__Work item__.
Across the entries below, how many lines contain the string "ultimately"? Only the number is wanted.

__Data for this exercise__.

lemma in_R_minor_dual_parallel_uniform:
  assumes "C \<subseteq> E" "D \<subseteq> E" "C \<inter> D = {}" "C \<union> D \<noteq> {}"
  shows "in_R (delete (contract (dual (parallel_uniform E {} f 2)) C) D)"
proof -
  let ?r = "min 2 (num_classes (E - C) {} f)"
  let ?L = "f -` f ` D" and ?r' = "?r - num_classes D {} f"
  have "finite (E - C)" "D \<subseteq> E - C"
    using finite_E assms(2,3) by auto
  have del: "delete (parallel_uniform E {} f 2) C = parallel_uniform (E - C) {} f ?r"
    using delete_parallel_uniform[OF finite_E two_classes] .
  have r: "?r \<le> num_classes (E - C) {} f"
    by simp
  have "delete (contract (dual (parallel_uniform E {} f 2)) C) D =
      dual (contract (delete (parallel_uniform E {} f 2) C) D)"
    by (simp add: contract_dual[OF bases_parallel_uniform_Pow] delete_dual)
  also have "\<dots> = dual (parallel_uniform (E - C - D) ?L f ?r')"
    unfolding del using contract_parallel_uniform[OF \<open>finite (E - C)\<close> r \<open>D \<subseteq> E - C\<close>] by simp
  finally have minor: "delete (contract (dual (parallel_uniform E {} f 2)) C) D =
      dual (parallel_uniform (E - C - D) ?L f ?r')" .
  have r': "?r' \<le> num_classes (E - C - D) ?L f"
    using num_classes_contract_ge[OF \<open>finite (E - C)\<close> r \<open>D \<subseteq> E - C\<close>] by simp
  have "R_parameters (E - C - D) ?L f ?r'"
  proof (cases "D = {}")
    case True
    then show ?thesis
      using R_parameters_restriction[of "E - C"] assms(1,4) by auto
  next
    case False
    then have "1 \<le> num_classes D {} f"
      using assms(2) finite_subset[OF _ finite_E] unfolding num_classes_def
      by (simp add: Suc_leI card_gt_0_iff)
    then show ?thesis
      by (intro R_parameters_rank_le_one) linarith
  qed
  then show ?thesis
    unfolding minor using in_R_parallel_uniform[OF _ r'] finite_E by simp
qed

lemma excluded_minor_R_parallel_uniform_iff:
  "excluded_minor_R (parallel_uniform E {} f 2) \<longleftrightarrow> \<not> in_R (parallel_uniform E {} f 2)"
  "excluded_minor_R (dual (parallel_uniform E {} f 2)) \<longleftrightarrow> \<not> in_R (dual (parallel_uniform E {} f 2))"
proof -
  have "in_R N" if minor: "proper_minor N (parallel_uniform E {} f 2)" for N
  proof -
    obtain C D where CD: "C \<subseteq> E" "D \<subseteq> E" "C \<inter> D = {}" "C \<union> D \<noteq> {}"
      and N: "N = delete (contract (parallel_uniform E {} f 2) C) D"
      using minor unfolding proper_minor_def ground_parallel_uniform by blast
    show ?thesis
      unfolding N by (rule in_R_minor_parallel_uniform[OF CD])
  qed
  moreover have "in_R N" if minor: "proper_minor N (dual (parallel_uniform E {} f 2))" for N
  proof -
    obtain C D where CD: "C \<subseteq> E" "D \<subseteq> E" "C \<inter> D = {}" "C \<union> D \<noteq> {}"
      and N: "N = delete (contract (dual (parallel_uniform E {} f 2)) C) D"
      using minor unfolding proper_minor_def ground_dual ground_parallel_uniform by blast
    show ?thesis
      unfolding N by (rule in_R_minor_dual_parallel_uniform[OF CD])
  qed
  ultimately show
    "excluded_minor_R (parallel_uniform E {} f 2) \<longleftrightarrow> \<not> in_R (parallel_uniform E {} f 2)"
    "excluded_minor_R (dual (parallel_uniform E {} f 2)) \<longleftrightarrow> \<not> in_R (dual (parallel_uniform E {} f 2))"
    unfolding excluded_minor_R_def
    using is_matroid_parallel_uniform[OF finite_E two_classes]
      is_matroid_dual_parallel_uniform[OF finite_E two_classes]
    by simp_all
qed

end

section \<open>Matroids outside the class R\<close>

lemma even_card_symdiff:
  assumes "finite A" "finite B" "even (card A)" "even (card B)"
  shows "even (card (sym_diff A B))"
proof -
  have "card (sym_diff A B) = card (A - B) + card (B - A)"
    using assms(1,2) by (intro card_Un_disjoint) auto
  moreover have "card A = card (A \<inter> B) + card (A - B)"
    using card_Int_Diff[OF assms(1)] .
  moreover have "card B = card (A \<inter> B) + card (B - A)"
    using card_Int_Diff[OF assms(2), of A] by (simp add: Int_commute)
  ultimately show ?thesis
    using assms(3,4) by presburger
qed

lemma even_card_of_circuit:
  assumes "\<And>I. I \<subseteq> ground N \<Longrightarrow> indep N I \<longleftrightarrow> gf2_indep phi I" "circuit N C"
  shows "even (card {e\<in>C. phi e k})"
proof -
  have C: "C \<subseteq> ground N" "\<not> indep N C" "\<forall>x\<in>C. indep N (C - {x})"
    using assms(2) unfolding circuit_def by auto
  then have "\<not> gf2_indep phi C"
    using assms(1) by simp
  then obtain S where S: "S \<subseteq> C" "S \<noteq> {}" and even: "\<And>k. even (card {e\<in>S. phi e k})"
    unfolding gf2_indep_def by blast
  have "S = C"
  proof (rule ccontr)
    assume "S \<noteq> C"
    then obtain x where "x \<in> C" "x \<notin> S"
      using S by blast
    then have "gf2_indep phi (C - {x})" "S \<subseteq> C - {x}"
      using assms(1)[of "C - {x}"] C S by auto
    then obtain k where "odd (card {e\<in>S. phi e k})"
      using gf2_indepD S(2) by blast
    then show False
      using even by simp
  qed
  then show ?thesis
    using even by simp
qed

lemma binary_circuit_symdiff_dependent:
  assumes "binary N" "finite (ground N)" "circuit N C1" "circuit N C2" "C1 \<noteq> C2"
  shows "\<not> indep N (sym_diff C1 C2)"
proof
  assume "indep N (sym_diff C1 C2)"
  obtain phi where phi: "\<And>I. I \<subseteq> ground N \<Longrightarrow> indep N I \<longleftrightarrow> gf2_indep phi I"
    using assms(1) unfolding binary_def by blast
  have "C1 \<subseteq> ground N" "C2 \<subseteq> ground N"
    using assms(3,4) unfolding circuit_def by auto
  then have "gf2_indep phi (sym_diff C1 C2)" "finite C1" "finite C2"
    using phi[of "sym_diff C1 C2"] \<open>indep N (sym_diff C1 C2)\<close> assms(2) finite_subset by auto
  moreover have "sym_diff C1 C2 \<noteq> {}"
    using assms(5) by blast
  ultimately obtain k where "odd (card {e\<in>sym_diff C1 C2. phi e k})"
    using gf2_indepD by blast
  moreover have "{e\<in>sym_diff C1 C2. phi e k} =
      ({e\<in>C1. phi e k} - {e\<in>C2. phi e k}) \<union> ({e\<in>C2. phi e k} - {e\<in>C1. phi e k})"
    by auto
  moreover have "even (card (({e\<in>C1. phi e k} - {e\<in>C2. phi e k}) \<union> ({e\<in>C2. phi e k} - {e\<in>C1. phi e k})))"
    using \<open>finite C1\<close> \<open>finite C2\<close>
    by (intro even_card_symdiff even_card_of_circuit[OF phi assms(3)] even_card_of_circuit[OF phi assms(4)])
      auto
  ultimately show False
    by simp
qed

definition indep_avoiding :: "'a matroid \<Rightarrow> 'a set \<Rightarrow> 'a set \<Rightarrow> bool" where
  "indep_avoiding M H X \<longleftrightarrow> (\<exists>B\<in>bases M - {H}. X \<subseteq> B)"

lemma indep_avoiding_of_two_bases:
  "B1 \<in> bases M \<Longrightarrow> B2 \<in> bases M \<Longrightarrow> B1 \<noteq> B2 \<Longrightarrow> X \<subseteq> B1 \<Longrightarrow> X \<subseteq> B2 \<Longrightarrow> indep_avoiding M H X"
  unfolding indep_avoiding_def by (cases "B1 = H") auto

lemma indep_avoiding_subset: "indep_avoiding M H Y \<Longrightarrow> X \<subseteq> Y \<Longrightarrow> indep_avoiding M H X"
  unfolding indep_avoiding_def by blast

__Solution for this exercise__.
4